__Exercise description__
Beginning at the line containing "by (intro prod.mono_neutral_cong_right)" and continuing to the end of the records below, give each line again exactly as it stands, and only those lines.

===== Input records

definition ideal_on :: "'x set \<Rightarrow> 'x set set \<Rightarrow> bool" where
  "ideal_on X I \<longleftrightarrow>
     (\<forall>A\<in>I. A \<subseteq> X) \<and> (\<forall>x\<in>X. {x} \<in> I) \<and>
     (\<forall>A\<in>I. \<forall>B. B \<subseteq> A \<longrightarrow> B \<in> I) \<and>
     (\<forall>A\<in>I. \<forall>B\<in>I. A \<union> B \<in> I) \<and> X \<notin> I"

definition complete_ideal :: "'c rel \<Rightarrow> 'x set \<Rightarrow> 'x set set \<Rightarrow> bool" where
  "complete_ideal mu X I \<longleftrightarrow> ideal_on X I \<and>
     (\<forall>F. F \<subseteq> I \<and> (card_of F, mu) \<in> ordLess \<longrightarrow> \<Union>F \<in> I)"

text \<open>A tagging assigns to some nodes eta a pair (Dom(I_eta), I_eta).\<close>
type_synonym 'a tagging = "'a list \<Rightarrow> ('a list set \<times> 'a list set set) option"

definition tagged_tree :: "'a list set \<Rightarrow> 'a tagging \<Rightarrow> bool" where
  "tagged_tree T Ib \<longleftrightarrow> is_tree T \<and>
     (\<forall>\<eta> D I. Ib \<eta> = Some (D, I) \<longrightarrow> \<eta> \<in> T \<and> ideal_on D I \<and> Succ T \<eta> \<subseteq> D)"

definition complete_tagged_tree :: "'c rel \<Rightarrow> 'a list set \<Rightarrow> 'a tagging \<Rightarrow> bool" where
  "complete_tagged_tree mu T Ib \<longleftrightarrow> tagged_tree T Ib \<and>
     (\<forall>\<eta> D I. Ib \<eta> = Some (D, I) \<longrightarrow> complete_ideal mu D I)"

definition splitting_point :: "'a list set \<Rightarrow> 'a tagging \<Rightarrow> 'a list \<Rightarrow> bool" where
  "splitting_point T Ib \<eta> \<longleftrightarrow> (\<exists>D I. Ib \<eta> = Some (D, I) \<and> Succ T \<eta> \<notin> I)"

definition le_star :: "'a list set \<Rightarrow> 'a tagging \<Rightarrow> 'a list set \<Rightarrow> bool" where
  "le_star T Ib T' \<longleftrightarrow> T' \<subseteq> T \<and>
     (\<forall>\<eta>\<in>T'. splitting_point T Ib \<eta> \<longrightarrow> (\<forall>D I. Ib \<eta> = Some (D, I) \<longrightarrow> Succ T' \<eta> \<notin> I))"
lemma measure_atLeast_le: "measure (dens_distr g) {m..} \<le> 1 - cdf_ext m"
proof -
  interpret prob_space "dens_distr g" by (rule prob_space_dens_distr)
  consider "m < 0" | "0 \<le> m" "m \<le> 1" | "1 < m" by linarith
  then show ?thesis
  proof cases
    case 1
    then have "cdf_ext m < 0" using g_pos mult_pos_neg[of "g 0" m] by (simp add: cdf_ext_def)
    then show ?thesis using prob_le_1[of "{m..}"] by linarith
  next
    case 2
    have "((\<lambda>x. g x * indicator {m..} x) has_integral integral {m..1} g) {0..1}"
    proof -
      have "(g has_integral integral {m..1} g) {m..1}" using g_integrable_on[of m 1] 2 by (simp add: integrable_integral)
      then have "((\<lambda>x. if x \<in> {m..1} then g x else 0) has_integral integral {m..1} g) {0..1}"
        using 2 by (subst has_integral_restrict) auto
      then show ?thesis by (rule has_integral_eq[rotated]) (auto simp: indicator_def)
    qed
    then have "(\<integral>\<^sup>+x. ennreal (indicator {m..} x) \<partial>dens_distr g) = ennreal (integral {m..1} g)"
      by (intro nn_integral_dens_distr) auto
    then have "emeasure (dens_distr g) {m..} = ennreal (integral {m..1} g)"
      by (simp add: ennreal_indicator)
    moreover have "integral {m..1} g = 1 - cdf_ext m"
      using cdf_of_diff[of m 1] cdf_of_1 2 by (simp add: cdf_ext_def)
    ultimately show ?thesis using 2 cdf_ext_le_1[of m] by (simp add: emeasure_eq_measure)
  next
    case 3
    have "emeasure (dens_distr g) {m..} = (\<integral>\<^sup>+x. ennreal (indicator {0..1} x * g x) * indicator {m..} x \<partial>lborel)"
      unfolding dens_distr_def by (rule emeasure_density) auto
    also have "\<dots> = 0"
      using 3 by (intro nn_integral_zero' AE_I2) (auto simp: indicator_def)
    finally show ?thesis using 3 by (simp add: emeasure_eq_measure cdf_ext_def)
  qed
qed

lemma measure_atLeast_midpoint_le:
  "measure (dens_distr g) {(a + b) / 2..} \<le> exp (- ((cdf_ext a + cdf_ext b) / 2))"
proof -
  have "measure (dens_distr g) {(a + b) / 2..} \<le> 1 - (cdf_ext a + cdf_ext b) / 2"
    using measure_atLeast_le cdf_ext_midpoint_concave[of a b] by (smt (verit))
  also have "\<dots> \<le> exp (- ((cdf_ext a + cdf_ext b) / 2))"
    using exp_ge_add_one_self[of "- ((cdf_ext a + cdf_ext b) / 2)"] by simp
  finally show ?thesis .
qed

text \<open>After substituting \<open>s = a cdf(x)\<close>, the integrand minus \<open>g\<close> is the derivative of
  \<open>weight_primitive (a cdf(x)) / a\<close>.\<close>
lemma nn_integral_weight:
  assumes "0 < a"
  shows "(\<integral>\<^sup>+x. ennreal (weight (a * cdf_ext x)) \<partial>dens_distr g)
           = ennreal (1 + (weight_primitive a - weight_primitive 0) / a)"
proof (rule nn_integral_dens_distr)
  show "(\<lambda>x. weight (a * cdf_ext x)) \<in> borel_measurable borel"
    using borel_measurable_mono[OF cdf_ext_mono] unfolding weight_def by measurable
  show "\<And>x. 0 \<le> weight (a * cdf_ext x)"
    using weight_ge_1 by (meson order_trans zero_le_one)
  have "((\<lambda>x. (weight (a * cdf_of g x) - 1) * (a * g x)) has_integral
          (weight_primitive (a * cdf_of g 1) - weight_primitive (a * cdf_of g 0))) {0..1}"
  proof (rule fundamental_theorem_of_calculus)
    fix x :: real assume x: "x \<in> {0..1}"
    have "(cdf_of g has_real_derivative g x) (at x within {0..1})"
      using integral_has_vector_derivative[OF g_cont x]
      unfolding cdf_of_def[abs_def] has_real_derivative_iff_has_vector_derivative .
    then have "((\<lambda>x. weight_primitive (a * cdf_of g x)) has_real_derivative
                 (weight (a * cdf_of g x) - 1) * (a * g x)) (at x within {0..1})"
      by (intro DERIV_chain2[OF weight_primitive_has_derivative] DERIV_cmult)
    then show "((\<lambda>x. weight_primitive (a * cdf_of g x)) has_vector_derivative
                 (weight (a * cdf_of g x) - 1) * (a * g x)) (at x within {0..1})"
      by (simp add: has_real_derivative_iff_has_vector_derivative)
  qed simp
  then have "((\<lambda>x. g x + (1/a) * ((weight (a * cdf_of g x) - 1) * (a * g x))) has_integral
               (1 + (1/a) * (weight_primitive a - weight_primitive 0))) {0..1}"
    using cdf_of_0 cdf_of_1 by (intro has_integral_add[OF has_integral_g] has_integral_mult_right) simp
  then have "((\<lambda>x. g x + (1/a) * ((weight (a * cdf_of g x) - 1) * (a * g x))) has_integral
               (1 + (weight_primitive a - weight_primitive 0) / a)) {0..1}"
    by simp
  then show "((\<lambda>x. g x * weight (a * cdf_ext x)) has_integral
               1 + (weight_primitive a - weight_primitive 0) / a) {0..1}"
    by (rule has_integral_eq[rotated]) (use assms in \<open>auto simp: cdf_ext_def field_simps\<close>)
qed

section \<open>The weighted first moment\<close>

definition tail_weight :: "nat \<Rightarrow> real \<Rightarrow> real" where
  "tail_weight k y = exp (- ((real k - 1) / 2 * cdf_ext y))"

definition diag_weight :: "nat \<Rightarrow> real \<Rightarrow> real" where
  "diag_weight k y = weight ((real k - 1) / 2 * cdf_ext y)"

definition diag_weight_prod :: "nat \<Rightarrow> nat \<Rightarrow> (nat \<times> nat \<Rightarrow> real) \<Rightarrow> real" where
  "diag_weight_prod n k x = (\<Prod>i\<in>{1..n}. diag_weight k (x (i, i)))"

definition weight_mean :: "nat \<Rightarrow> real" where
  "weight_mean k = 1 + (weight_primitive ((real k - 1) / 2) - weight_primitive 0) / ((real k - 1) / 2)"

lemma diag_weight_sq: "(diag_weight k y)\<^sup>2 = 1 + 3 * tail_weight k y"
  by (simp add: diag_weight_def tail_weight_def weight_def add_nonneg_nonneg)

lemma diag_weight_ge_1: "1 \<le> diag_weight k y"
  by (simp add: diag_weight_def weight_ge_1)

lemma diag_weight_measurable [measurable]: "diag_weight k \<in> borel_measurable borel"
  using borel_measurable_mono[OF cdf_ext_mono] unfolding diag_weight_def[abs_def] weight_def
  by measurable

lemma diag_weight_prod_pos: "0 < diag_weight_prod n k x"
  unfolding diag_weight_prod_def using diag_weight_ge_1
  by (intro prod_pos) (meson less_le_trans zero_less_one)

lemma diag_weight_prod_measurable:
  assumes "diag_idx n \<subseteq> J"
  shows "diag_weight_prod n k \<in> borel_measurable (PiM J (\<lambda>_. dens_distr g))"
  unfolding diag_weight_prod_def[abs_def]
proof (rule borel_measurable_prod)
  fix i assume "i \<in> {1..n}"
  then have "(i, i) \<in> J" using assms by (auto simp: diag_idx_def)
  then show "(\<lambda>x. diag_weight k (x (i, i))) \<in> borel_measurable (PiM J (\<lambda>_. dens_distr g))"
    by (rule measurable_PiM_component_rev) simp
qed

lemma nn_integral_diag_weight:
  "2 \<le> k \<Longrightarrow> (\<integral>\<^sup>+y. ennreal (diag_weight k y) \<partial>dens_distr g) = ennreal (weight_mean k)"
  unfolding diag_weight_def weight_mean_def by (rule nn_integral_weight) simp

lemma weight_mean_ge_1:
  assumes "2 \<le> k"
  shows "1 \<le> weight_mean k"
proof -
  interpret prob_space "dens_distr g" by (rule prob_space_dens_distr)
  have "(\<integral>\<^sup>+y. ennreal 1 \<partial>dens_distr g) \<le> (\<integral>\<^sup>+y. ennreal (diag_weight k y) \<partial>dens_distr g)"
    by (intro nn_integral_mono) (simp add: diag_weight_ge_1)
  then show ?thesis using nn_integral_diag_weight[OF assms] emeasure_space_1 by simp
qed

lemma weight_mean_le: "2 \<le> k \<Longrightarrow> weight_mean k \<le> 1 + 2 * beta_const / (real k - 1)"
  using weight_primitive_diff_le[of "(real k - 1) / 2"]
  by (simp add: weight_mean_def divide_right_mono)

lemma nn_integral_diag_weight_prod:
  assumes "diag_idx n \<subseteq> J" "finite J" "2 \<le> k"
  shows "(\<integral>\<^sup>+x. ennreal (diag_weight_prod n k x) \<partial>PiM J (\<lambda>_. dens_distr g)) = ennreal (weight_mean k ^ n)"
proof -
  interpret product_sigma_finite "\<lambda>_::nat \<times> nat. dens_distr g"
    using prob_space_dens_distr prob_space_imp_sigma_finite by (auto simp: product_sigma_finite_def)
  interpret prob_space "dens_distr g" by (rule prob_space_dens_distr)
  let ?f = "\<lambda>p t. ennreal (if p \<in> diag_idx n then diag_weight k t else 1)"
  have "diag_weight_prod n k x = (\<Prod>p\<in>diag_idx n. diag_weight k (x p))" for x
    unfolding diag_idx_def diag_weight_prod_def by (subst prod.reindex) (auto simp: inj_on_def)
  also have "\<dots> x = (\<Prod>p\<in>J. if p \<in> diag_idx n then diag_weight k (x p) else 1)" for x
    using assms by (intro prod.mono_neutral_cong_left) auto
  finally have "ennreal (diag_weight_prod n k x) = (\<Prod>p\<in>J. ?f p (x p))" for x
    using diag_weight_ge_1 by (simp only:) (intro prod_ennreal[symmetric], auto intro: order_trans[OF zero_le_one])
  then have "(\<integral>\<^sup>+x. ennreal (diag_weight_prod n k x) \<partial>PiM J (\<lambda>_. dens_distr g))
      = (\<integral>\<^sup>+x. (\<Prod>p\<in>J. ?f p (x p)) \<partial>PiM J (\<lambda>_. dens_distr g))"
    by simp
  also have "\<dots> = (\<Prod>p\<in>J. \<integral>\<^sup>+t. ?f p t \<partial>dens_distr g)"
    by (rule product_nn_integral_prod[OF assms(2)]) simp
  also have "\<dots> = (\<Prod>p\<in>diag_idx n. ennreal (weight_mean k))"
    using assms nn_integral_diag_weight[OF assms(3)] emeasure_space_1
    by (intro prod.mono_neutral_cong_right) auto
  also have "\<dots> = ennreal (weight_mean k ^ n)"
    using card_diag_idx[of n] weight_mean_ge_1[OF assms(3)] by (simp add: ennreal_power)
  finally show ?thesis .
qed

==========

__Answer to this problem__
    by (intro prod.mono_neutral_cong_right) auto
  also have "\<dots> = ennreal (weight_mean k ^ n)"
    using card_diag_idx[of n] weight_mean_ge_1[OF assms(3)] by (simp add: ennreal_power)
  finally show ?thesis .
qed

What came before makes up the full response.